Search is not Google’s product, it’s a way to get their product. Their product is eyeballs which they sell to advertisers.

>the cost of switching search engines is literally zero: just type Bing instead of Google.

If this is true, why does Google pay Apple billions/year and Mozilla millions/year to make Google the default search? You could be saving that money!

1 comments

The government could make antitrust claims regarding google’s behavior vis a vis advertisers. (I’m sympathetic to some claims that could be made there!)

Monopolization of the ad market is not the issue here, because the specific claim is that google has monopolized the search market. You can read that right in the linked article.

Google’s payments to be the default are (as I already said) not obviously pro-competitive to me. I don’t know if you and I disagree there.

But again… in Google’s defense they are going to say (accurately!) “everyone gives search away for free so consumers are free to switch.”

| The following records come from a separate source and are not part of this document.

(* Let $G=(V,E)$ be a finite undirected graph and run the neighborhood-expansion (NE) edge-partitioning algorithm described in the context to build partitions $p_1,\dots,p_k$ of $E$. Suppose that during the construction of partition $p_i$ a vertex $v$ is added to the secondary set $S_i$. Then the adjacency list of $v$ (the list $N(v)$ of its neighbors) is accessed again during the construction of some subsequent partition $p_j$, $j>i$, only if $v$ is still in $S_i$ and not in the core set $C$ when the construction of $p_i$ has been completed, i.e., only if $v$ was not moved to $C$ during the construction of $p_i$.
   Context: Edge partitioning: given an undirected graph $G=(V,E)$ and an integer $k>1$, the edge set is divided into disjoint sets (partitions) $p_1,\dots,p_k$ whose union is $E$. For a vertex $v$, $N(v)$ denotes its set of neighbors in the current graph and $d(v)$ its degree. The NE algorithm maintains a global vertex set $C$ (the core set, initially empty) and, for each partition $p_i$, a vertex set $S_i$ (the secondary set of $p_i$, initially empty); vertices are only ever added to these sets, never removed. Each vertex $u\in S_i$ carries a number $d_{ext}(u,S_i)$ (its external degree). Partitions are built in sequence $i=1,\dots,k$. While building $p_i$, as long as $|p_i|<|E|/k$: if $S_i\setminus C\neq\emptyset$, choose $v_{min}\in S_i\setminus C$ minimizing $d_{ext}(v,S_i)$ and call MoveToCore$(v_{min})$; otherwise (Initialize) choose any vertex $v\notin C$ and call MoveToCore$(v)$. MoveToCore$(v)$: add $v$ to $C$; then for each $u\in N(v)\setminus(C\cup S_i)$ call MoveToSecondary$(u)$. MoveToSecondary$(v)$: add $v$ to $S_i$; set $d_{ext}(v,S_i)\gets d(v)$; then for each $u\in N(v)\cap(C\cup S_i)$: decrement $d_{ext}(u,S_i)$ and $d_{ext}(v,S_i)$ by one; if $|p_i|<|E|/k$, assign edge $(u,v)$ to $p_i$, otherwise assign it to $p_{i+1}$ and add $u$ and $v$ to $S_{i+1}$ ("spill-over"); in both cases remove the edge $(u,v)$ from the graph. The adjacency list of a vertex $v$ is said to be accessed when the algorithm iterates over $N(v)$, which happens exactly within MoveToCore$(v)$ and MoveToSecondary$(v)$. *)

theory Defs
  imports Main "HOL.Real"
begin

text \<open>Undirected edges are 2-element sets.\<close>

datatype 'a event =
    Access nat 'a            \<comment> \<open>during construction of p_i, adjacency list of v accessed\<close>
  | SecAdd nat nat 'a        \<comment> \<open>during construction of p_i, v added to S_l\<close>
  | CoreAdd nat 'a           \<comment> \<open>during construction of p_i, v added to C\<close>
  | PartDone nat "'a set" "'a set"  \<comment> \<open>construction of p_i completed; snapshot of C and S_i\<close>

record 'a nestate =
  rem  :: "'a set set"
  core :: "'a set"
  sec  :: "nat \<Rightarrow> 'a set"
  dext :: "nat \<Rightarrow> 'a \<Rightarrow> int"
  part :: "nat \<Rightarrow> 'a set set"
  cur  :: nat
  log  :: "'a event list"

definition nbrs :: "('a, 'b) nestate_scheme \<Rightarrow> 'a \<Rightarrow> 'a set" where
  "nbrs st v = {u. {u, v} \<in> rem st}"

definition below :: "'a set set \<Rightarrow> nat \<Rightarrow> 'a nestate \<Rightarrow> bool" where
  "below E k st \<longleftrightarrow> real (card (part st (cur st))) < real (card E) / real k"

text \<open>One iteration of the loop in MoveToSecondary(v), for neighbour u.\<close>
definition sec_edge :: "'a set set \<Rightarrow> nat \<Rightarrow> 'a \<Rightarrow> 'a nestate \<Rightarrow> 'a \<Rightarrow> 'a nestate" where
  "sec_edge E k v st u =
    (let i = cur st; d = dext st i; d' = d(u := d u - 1); d'' = d'(v := d' v - 1);
         st1 = st\<lparr>dext := (dext st)(i := d''), rem := rem st - {{u, v}}\<rparr>
     in if below E k st
        then st1\<lparr>part := (part st)(i := insert {u, v} (part st i))\<rparr>
        else st1\<lparr>part := (part st)(Suc i := insert {u, v} (part st (Suc i))),
                 sec := (sec st)(Suc i := sec st (Suc i) \<union> {u, v}),
                 log := log st @ [SecAdd i (Suc i) u, SecAdd i (Suc i) v]\<rparr>)"
(* Let $\mu\in[0,1]$, $A\in\mathbb R^{q\times n}$ of full row rank, $b\in\mathbb R^q$, $\gamma>0$, $\delta\in(0,\|b\|_{LL_2,\gamma})$, $g(x):=\|Ax-b\|_{LL_2,\gamma}-\delta$ and $F(x):=\|x\|_1-\mu\|x\|+\delta_{\{g\le0\}}(x)$. Then: (i) MFCQ holds at every feasible point, i.e., for every $x$ with $g(x)\le0$ and $g(x)=0$ one has $\nabla g(x)\neq0$; (ii) if $\mu\in[0,1)$, $F$ is level-bounded; (iii) if $\mu=1$ and $A$ has no zero columns, $F$ is level-bounded.
   Context: For $y\in\mathbb R^q$, the Lorentzian norm is $\|y\|_{LL_2,\gamma}:=\sum_{i=1}^q\log\big(1+y_i^2/\gamma^2\big)$. $\|\cdot\|_1$ is the $\ell_1$ norm and $\|\cdot\|$ the Euclidean norm; $\delta_C$ is the indicator function of $C$. For a single smooth constraint $g\le0$, MFCQ at a feasible $x$ means: if $g(x)=0$ there exists $d$ with $\langle\nabla g(x),d\rangle<0$, equivalently $\nabla g(x)\ne0$. A function is level-bounded if all its sublevel sets are bounded. *)

theory Defs
  imports "HOL-Analysis.Analysis"
begin

definition LL2 :: "real \<Rightarrow> real^'q \<Rightarrow> real" where
  "LL2 \<gamma> y = (\<Sum>i\<in>UNIV. ln (1 + (y $ i)^2 / \<gamma>^2))"

definition l1norm :: "real^'n \<Rightarrow> real" where
  "l1norm x = (\<Sum>i\<in>UNIV. \<bar>x $ i\<bar>)"

definition indicator_fun :: "'a set \<Rightarrow> 'a \<Rightarrow> ereal" where
  "indicator_fun C x = (if x \<in> C then 0 else \<infinity>)"

definition level_bounded :: "('a::metric_space \<Rightarrow> ereal) \<Rightarrow> bool" where
  "level_bounded F \<longleftrightarrow> (\<forall>\<alpha>::real. bounded {x. F x \<le> ereal \<alpha>})"

end

theory Submission
  imports Defs
begin

text \<open>
  (i) With \<open>r = A x - b\<close>, the gradient of \<open>g\<close> is \<open>A\<^sup>T \<nabla>LL2(r)\<close>; the gradient of the Lorentzian
  norm vanishes only at \<open>r = 0\<close>, where \<open>g = -\<delta> < 0\<close>, and \<open>A\<^sup>T\<close> is injective by full row rank.
  (ii) \<open>\<parallel>x\<parallel> \<le> \<parallel>x\<parallel>\<^sub>1\<close> gives \<open>(1 - \<mu>) \<parallel>x\<parallel> \<le> F x\<close>.
  (iii) For \<open>\<mu> = 1\<close> let \<open>x\<^sub>k\<close> be a largest coordinate and \<open>s\<close> the \<open>\<ell>\<^sub>1\<close>-mass of the others. Since
  \<open>s \<le> (n - 1) \<bar>x\<^sub>k\<bar>\<close> and \<open>\<parallel>x\<parallel> \<le> sqrt (x\<^sub>k\<^sup>2 + s\<^sup>2)\<close>, the gap \<open>\<parallel>x\<parallel>\<^sub>1 - \<parallel>x\<parallel>\<close> bounds \<open>s\<close>.
  Feasibility bounds \<open>A x\<close>, so \<open>\<bar>x\<^sub>k\<bar> \<parallel>A e\<^sub>k\<parallel> \<le> \<parallel>A x\<parallel> + \<parallel>A (x - x\<^sub>k e\<^sub>k)\<parallel>\<close> is bounded as well,
  using that the \<open>k\<close>-th column is nonzero.
\<close>

definition LL2_grad :: "real \<Rightarrow> real^'q \<Rightarrow> real^'q" where
  "LL2_grad \<gamma> y = (\<chi> i. 2 * y $ i / (\<gamma>^2 + (y $ i)^2))"

lemma LL2_zero [simp]: "LL2 \<gamma> 0 = 0"
  by (simp add: LL2_def)

lemma has_derivative_LL2:
  assumes "\<gamma> \<noteq> 0"
  shows "(LL2 \<gamma> has_derivative (\<lambda>h. LL2_grad \<gamma> y \<bullet> h)) (at y)"
proof -
  have pos: "0 < \<gamma>^2 + (y $ i)^2" for i
    using assms by (simp add: add_pos_nonneg)
  have "((\<lambda>y. ln (1 + (y $ i)^2 / \<gamma>^2)) has_derivative
          (\<lambda>h. 2 * y $ i / (\<gamma>^2 + (y $ i)^2) * h $ i)) (at y)" for i
  proof (rule has_derivative_eq_rhs)
    show "((\<lambda>y. ln (1 + (y $ i)^2 / \<gamma>^2)) has_derivative
          (\<lambda>h. inverse (1 + (y $ i)^2 / \<gamma>^2) * (2 * y $ i * h $ i / \<gamma>^2))) (at y)"
      by (auto intro!: derivative_eq_intros bounded_linear_imp_has_derivative
          simp: assms add_pos_nonneg power2_eq_square)
    show "(\<lambda>h. inverse (1 + (y $ i)^2 / \<gamma>^2) * (2 * y $ i * h $ i / \<gamma>^2))
        = (\<lambda>h. 2 * y $ i / (\<gamma>^2 + (y $ i)^2) * h $ i)"
      using assms pos[of i] by (auto simp: field_simps)
  qed
  then have "((\<lambda>y. \<Sum>i\<in>UNIV. ln (1 + (y $ i)^2 / \<gamma>^2)) has_derivative
          (\<lambda>h. \<Sum>i\<in>UNIV. 2 * y $ i / (\<gamma>^2 + (y $ i)^2) * h $ i)) (at y)"
    by (rule has_derivative_sum)
  then show ?thesis
    by (simp add: LL2_def[abs_def] LL2_grad_def inner_vec_def mult.commute)
qed

lemma LL2_grad_eq_0_iff:
  assumes "\<gamma> \<noteq> 0"
  shows "LL2_grad \<gamma> y = 0 \<longleftrightarrow> y = 0"
proof -
  have "0 < \<gamma>^2 + (y $ i)^2" for i
    using assms by (simp add: add_pos_nonneg)
  then show ?thesis
    by (auto simp: LL2_grad_def vec_eq_iff)
qed

lemma has_derivative_LL2_affine:
  fixes A :: "real^'n^'q"
  assumes "\<gamma> \<noteq> 0"
  shows "((\<lambda>x. LL2 \<gamma> (A *v x - b)) has_derivative
           (\<lambda>h. (LL2_grad \<gamma> (A *v x - b) v* A) \<bullet> h)) (at x)"
proof -
  have "((\<lambda>x. A *v x - b) has_derivative (\<lambda>h. A *v h)) (at x)"
    by (auto intro!: derivative_eq_intros bounded_linear_imp_has_derivative
        matrix_vector_mul_bounded_linear)
  from has_derivative_compose[OF this has_derivative_LL2[OF assms]]
  show ?thesis
    by (simp add: dot_lmul_matrix o_def)
qed

lemma bounded_LL2_sublevel:
  assumes "\<gamma> \<noteq> 0"
  shows "bounded {y :: real^'q. LL2 \<gamma> y \<le> \<delta>}"
proof -
  define \<rho> where "\<rho> = sqrt (\<gamma>^2 * exp \<delta>)"
  have "norm y \<le> CARD('q) * \<rho>" if "LL2 \<gamma> y \<le> \<delta>" for y :: "real^'q"
  proof -
    have coord: "\<bar>y $ i\<bar> \<le> \<rho>" for i
    proof -
      have "ln (1 + (y $ i)^2 / \<gamma>^2) \<le> LL2 \<gamma> y"
        unfolding LL2_def by (rule member_le_sum) (auto simp: add_pos_nonneg)
      then have "exp (ln (1 + (y $ i)^2 / \<gamma>^2)) \<le> exp \<delta>"
        using that by simp
      then have "(y $ i)^2 / \<gamma>^2 \<le> exp \<delta>"
        by (simp add: add_pos_nonneg)
      moreover have "0 < \<gamma>^2"
        using assms by simp
      ultimately have "(y $ i)^2 \<le> \<gamma>^2 * exp \<delta>"
        by (simp add: pos_divide_le_eq mult.commute)
      then show ?thesis
        unfolding \<rho>_def by (intro real_le_rsqrt) simp
    qed
    have "norm y \<le> (\<Sum>i\<in>UNIV. \<bar>y $ i\<bar>)"
      by (rule norm_le_l1_cart)
    also have "\<dots> \<le> CARD('q) * \<rho>"
      using sum_mono[of UNIV "\<lambda>i. \<bar>y $ i\<bar>" "\<lambda>_. \<rho>"] coord by simp
    finally show ?thesis .
  qed
  then show ?thesis
    by (auto simp: bounded_iff)
qed
lemma chi_mass_times_S_mass:
  assumes "0 < q" "q < 1" "0 < t"
  shows "chi_mass q k * S_mass q t (m - int k) =
    t powr real_of_int m * q powr (real_of_int m ^ 2 / 2) / qtheta q (- t * sqrt q)
    * (euler_coeff q k * (q powr (3/2 - real_of_int m) / t) ^ k)"
proof -
  have "0 < qpoch_inf q q" "0 < qpoch q q k"
    using assms by (auto intro: qpoch_inf_pos qpoch_pos)
  have t_power: "t powr real_of_int (m - int k) = t powr real_of_int m / t ^ k"
    using assms by (simp add: powr_diff powr_realpow)
  have w_power: "(q powr (3/2 - real_of_int m) / t) ^ k = q powr (real k * (3/2 - real_of_int m)) / t ^ k"
    using assms by (simp add: power_divide powr_power)
  have q_power: "q ^ k * q powr (real_of_int (m - int k) ^ 2 / 2)
      = q powr (real_of_int m ^ 2 / 2) * q powr (real k * (real k - 1) / 2) * q powr (real k * (3/2 - real_of_int m))"
  proof -
    have "q ^ k * q powr (real_of_int (m - int k) ^ 2 / 2) = q powr (real k + real_of_int (m - int k) ^ 2 / 2)"
      using assms by (simp add: powr_add powr_realpow)
    also have "real k + real_of_int (m - int k) ^ 2 / 2
        = real_of_int m ^ 2 / 2 + real k * (real k - 1) / 2 + real k * (3/2 - real_of_int m)"
      by (simp add: power2_eq_square field_simps)
    finally show ?thesis
      by (simp only: powr_add)
  qed
  have "chi_mass q k * S_mass q t (m - int k)
      = q ^ k * q powr (real_of_int (m - int k) ^ 2 / 2) * t powr real_of_int (m - int k)
        / (qpoch q q k * qtheta q (- t * sqrt q))"
    unfolding chi_mass_def S_mass_def using \<open>0 < qpoch_inf q q\<close> by (simp add: field_simps)
  also have "\<dots> = q powr (real_of_int m ^ 2 / 2) * q powr (real k * (real k - 1) / 2)
        * q powr (real k * (3/2 - real_of_int m)) * (t powr real_of_int m / t ^ k)
        / (qpoch q q k * qtheta q (- t * sqrt q))"
    by (simp only: q_power t_power)
  also have "\<dots> = t powr real_of_int m * q powr (real_of_int m ^ 2 / 2) / qtheta q (- t * sqrt q)
      * (euler_coeff q k * (q powr (3/2 - real_of_int m) / t) ^ k)"
    unfolding w_power euler_coeff_def using \<open>0 < qpoch q q k\<close> by (simp add: field_simps)
  finally show ?thesis .
qed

It’s going to be impossible (IMO) to argue that consumers are harmed in the search market. It just won’t be credible.

The department of justice is likely wasting its time, which is similar to the recent behavior of the FTC under Lina Khan which is (if you are American) wasting taxpayers’ time taking on losing cases, while letting mergers which really deserve critical scrutiny through. Microsoft Activision is a prominent recent example.

And if the Justice Department actually does show up in court with a filing that says: “No, your search engine was awesome, but it’s increasingly ad-filled crap. You’re too powerful, you’re too lazy, and America needs some real competition” (this is a direct quote from Stoller’s article) they are going to be laughed out of town and they will richly deserve it.

So again… I like the attention Stoller pays to antitrust issues but his analysis of the economics (especially in the case of some tech firms) is just bad.

> Monopolization of the ad market is not the issue here, because the specific claim is that google has monopolized the search market.

Incorrect. The Stoller article says “government argues that Google has a monopoly of general search and *search advertising*”.

The case in question (1:20-cv-03010) alleges anticompetitive behaviors in multiple interrelated markets: general search services, *search advertising, general search advertising, and general search text advertising*. The other major case (1:23-cv-00108) is about their monopolization of the digital ad market via Doubleclick/Ad Exchange/Google Ads.

> Microsoft Activision is a prominent recent example.

That was always ludicrous. The only way for the FTC to win that case was to define the relevant market as "games produced by Activision". That would have made the merger anticompetitive by definition... but no more anticompetitive than Activision already was.